The pressure distribution and deformations can be determined by applying the NCGM [27,28] to the load balance equation with two complementary boundary conditions. In the existing numerical analyses of rough contacts, a limiting pressure, commonly set to the material hardness, is applied to compensate for the potential yielding of plastic at the maximum stress of asperity microcontacts. This approximation yields more accurate results than a purely elastic contact model for surfaces with sharp asperities [28].

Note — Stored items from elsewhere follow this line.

(* Let $g\in C(\mathcal{X},\mathbb{R}^{N_{2}})$. For any $\epsilon>0$ there exists a sampled network $\Phi$ with one hidden layer (of some finite width) and ReLU activation such that $\sup_{x\in\mathcal{X}}\|g(x)-\Phi(x)\|<\epsilon$. That is, the set of all such sampled networks is dense in $C(\mathcal{X},\mathbb{R}^{N_2})$ in the uniform norm.
   Context: Fix $D\ge1$, Euclidean norm and inner product on $\mathbb{R}^D$, $\phi(t)=\max\{t,0\}$. For $A\subseteq\mathbb{R}^D$ let $d(z,A)=\inf_{a\in A}\|z-a\|$, $\mathrm{Med}(A)=\{z:\exists p\neq q\in A,\ \|p-z\|=\|q-z\|=d(z,A)\}$, reach $\tau_A=\inf_{a\in A}d(a,\mathrm{Med}(A))$. Let $\mathcal{X}'\subset\mathbb{R}^D$ be nonempty compact with $\tau_{\mathcal{X}'}>0$, fix $0<\epsilon_I<\min\{\tau_{\mathcal{X}'},1\}$, and $\mathcal{X}=\{x:d(x,\mathcal{X}')\le\epsilon_I\}$. A sampled network with one hidden layer of $N_1$ neurons and ReLU activation is $\Phi(x)=\sum_{i=1}^{N_1}w_{2,i}\phi(\langle w_{1,i},x\rangle-b_{1,i})-b_2$ where for each $i$ there are distinct points $x^{(1)}_{0,i},x^{(2)}_{0,i}\in\mathcal{X}$ with $w_{1,i}=\frac{x^{(2)}_{0,i}-x^{(1)}_{0,i}}{\|x^{(2)}_{0,i}-x^{(1)}_{0,i}\|^2}$ and $b_{1,i}=\langle w_{1,i},x^{(1)}_{0,i}\rangle$; the output parameters $w_{2,i}\in\mathbb{R}^{N_2}$, $b_2\in\mathbb{R}^{N_2}$ are unrestricted. *)

theory Defs
  imports "HOL-Analysis.Analysis"
begin

definition relu :: "real \<Rightarrow> real" where
  "relu t = max t 0"

definition medial_axis :: "('a::real_normed_vector) set \<Rightarrow> 'a set" where
  "medial_axis A = {z. \<exists>p q. p \<in> A \<and> q \<in> A \<and> p \<noteq> q \<and>
      norm (p - z) = infdist z A \<and> norm (q - z) = infdist z A}"

text \<open>Reach, valued in the extended reals so that an empty medial axis gives reach infinity
  (infimum over the empty set).\<close>
definition reach :: "('a::real_normed_vector) set \<Rightarrow> ereal" where
  "reach A = (INF a\<in>A. (INF z\<in>medial_axis A. ereal (norm (a - z))))"

definition sampled_net ::
  "nat \<Rightarrow> (nat \<Rightarrow> real^'d) \<Rightarrow> (nat \<Rightarrow> real^'d) \<Rightarrow> (nat \<Rightarrow> real^'m) \<Rightarrow> real^'m
     \<Rightarrow> real^'d \<Rightarrow> real^'m" where
  "sampled_net N1 x1 x2 w2 b2 = (\<lambda>x.
     (\<Sum>i<N1. let w1 = (x2 i - x1 i) /\<^sub>R (norm (x2 i - x1 i))\<^sup>2;
                  b1 = inner w1 (x1 i)
              in relu (inner w1 x - b1) *\<^sub>R w2 i) - b2)"

definition is_sampled_network :: "(real^'d) set \<Rightarrow> (real^'d \<Rightarrow> real^'m) \<Rightarrow> bool" where
  "is_sampled_network X \<Phi> \<longleftrightarrow> (\<exists>N1 x1 x2 w2 b2.
      (\<forall>i<N1. x1 i \<in> X \<and> x2 i \<in> X \<and> x1 i \<noteq> x2 i) \<and>
      \<Phi> = sampled_net N1 x1 x2 w2 b2)"

end

theory Submission
  imports Defs
begin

3. Validation of the Current Method

The generated non-Gaussian surface with S k = 1 , K u = 5 , and σ = 0.2   μ m is shown in Figure 3a. This is to be expected as the negatively skewed surface shows blunt asperity tip and more shape valleys. The comparison of ACF between the generated surface and the expected surface is displayed in Figure 3b. It can be observed that the ACF of the generated surface matches excellently with the prescribed values. The results demonstrate the validity of the mothed for generating a prescribed non-Gaussian surface.
A commercial twin-disc test implemented by Zhang et al. [38] is used to validate the prediction model of friction coefficient proposed in Section 2.2. The validation experiment was performed under different surface conditions and applied loads. The two surface roughness conditions are Rq surface roughness of 0.28 and 0.47 μ m , which are shown in Figure 4. Friction coefficients were acquired at two linear loads of 2 × 10 5 and 1.5 × 10 6   N / m for each set of surface roughness conditions. The detailed test parameters are summarized in Table 1. The contact pressure and gap under four sets of operating conditions are illustrated in Figure 5. As can be seen in Figure 6, the numerical results of current method demonstrate good agreement with the results of the experiment.

4. Results and Discussion

In order to survey the impact of non-Gaussian surface parameters on contact properties and friction, rough surfaces with different standard deviation R q , skewness S k , and kurtosis K u are generated based on the program developed in Section 2.1. The detailed parameters are summarized in Table 2. Then, the contact analysis is implemented to predict the friction coefficient based on the model introduced in Section 2.2. The contact analysis consists of a smooth sphere of radius 40 mm against a rough elastic–plastic plane, whose Young’s modulus is E = 210   Gpa , Poisson’s ratio is ν = 0.3 , and material hardness H is set as 4.04   Gpa . A set of applied loads from 0.5 × 10 5   N / m to 8 × 10 5   N / m are adopted to survey the effect of the load.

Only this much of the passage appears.